On 11 March 2009, Van den Berg was interviewed by the NOS when he took a new initiative to place a billboard along the A4 motorway near Schiphol, that for the first time in the Netherlands promoted an atheist message: "There is probably no god. Dare to think for yourself and enjoy this life!"

===Spain===
In Spain an advertising campaign has been launched with the slogan "Probablemente Dios no existe. Deja de preocuparte y goza de la vida", a direct translation of the British advert, on buses in Barcelona which started on 12 January. Madrid and Valencia will follow up at the end of January. This campaign has received criticism from Catholics.

===Sweden===
In Sweden, the Swedish Humanist Association ran ads in the Stockholm Metro during the summer of 2009 with the slogan "Gud finns nog inte", meaning "God probably does not exist" that were influenced by the British ads.

===Russia===
In Russia in September 2010 activists of "Общественное объединение по продвижению секуляризма в России" decided to make the same campaign in Moscow. It proposed the slogan "По всей видимости Бога нет" (It seems that there's no God). But clericals in the authorities prohibited it. After the activists were trying to get success via change the Campaign slogan on quotation from art.14 of Constitution of Russia "Russian Federation is a secular state", but clerical lobby prohibited this quotation also. Atheists were refused by Advertising Committee of Moscow, large advertising company News Outdoor (division of News Corporation of Rupert Murdoch) and small advertising agencies, city bus operator Mosgortrans, etc.". Now activists are collecting donations for "Atheistmobile" to ride in Moscow with Campaign slogan.

===Switzerland===

The Swiss Freethinkers' Association planned to put the statement "Wahrscheinlich gibt es keinen Gott. Kein Grund zur Sorge, geniess das Leben!" onto one public bus in ten cities of Switzerland. The campaign is a reaction to billboards with Bible quotes such as "I believe that Jesus Christ is God's son" or "Jesus is the light of life". The stated goal of the campaign was to give people a voice who feel harried by missionary messages.

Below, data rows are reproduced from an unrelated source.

(* Let $a,b\in\mathbb{R}[\sin t,\cos t]$ be real trigonometric polynomials with $b$ having only simple zeroes, consider $x'=a(t)|x|+b(t)$, and let $u(t,x)$ denote its solution with $u(0,x)=x$. Let $I\subset(-\infty,0)$ be an open interval such that for every $x\in I$ the function $t\mapsto u(t,x)$ has exactly two zeroes in $(0,2\pi)$, both simple; denote them $t_1(x)<t_2(x)$. Then: \begin{enumerate} \item $t_1,t_2$ are analytic functions on $I$ with analytic inverses. \item For every $x\in I$: $b(t_1(x))>0$, $t_1'(x)<0$, $b(t_2(x))<0$, $t_2'(x)>0$. \item For every $x\in I$, \[ \int_{t_1(x)}^{t_2(x)} b(t)\exp\Big(\int_t^{t_2(x)}a(s)\,ds\Big)dt=0. \] \item For every $x\in I$, $u(t,x)$ is $2\pi$-periodic if and only if \[ \int_{t_2(x)}^{t_1(x)+2\pi} b(t)\exp\Big(\int_t^{t_1(x)+2\pi}-a(s)\,ds\Big)dt=0. \] \end{enumerate}
   Context: A zero $t_0$ of $t\mapsto u(t,x)$ is simple if $\partial_t u(t_0,x)\neq 0$. *)

theory Defs
  imports "HOL-Analysis.Analysis"
begin

text \<open>Real trigonometric polynomials, i.e. elements of R[sin t, cos t] viewed as functions.\<close>
definition trig_poly :: "(real \<Rightarrow> real) \<Rightarrow> bool" where
  "trig_poly f \<longleftrightarrow> (\<exists>n c d. \<forall>t. f t =
      (\<Sum>k<n. c k * cos (real k * t) + d k * sin (real k * t)))"

definition real_analytic_on :: "(real \<Rightarrow> real) \<Rightarrow> real set \<Rightarrow> bool" where
  "real_analytic_on f S \<longleftrightarrow> (\<forall>x\<in>S. \<exists>r>0. \<exists>c::nat \<Rightarrow> real.
      \<forall>y. \<bar>y - x\<bar> < r \<longrightarrow> (\<lambda>n. c n * (y - x) ^ n) sums f y)"

end

theory Submission
  imports Defs "HOL-Complex_Analysis.Complex_Analysis"
begin

(*
  Between consecutive zeros u has a fixed sign, so there the equation is linear, x' = a x + b or
  x' = - a x + b, and is integrated with the factor exp (- A) or exp A, where A' = a.  With
  F' = exp A * b and G' = exp (- A) * b this gives exp A * u = x + F on [0, t1 x] and
  exp (- A) * u = G - G (t1 x) on [t1 x, t2 x], hence F (t1 x) = - x and G (t2 x) = G (t1 x).
  Since u' = b at a zero of u and u crosses zero upwards at t1 x and downwards at t2 x, b is
  positive at t1 x and negative at t2 x.  The trigonometric polynomials a and b extend to entire
  functions, hence so do A, F and G; the two equations then determine t1 and t2 analytically by
  the holomorphic inverse function theorem, and differentiating them gives the signs of t1' and
  t2'.  The first integral equals exp (A (t2 x)) * (G (t2 x) - G (t1 x)) = 0, the second one is a
  nonzero multiple of u (2 pi) x - x, and u (2 pi) x = x characterises periodic solutions because
  the equation is Lipschitz in x.
*)

section \<open>Real functions with local holomorphic extensions\<close>

definition real_holomorphic_at :: "(real \<Rightarrow> real) \<Rightarrow> real \<Rightarrow> bool" where
  "real_holomorphic_at f x \<longleftrightarrow> (\<exists>h S. open S \<and> complex_of_real x \<in> S \<and> h holomorphic_on S \<and>
      (\<forall>\<^sub>F y in nhds x. h (complex_of_real y) = complex_of_real (f y)))"

lemma real_holomorphic_atI:
  assumes "open S" "complex_of_real x \<in> S" "h holomorphic_on S"
    "\<forall>\<^sub>F y in nhds x. h (complex_of_real y) = complex_of_real (f y)"
  shows "real_holomorphic_at f x"
  using assms unfolding real_holomorphic_at_def by blast

lemma real_holomorphic_atE:
  assumes "real_holomorphic_at f x"
  obtains h S where "open S" "complex_of_real x \<in> S" "h holomorphic_on S"
    "\<forall>\<^sub>F y in nhds x. h (complex_of_real y) = complex_of_real (f y)"
  using assms unfolding real_holomorphic_at_def by blast

lemma real_holomorphic_at_entire:
  assumes "h holomorphic_on UNIV" "\<And>t. h (complex_of_real t) = complex_of_real (f t)"
  shows "real_holomorphic_at f x"
  by (rule real_holomorphic_atI[OF open_UNIV UNIV_I assms(1)]) (simp add: assms(2))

Unknown parties have threatened the Luzern public transport operator VBL to set their buses on fire if they carry such messages; VBL employees were also verbally harassed. The Freethinkers' Association received hate email from radical Christians. The political party Evangelische Volkspartei was thinking about creating a counter-campaign.

In Bern, the metropolitan public transport operator SVB refused to carry the campaign, saying that they "do not want to take part in this provocation". Zürich and Geneva showed similar reactions: The cities did not want to risk offending religious feelings.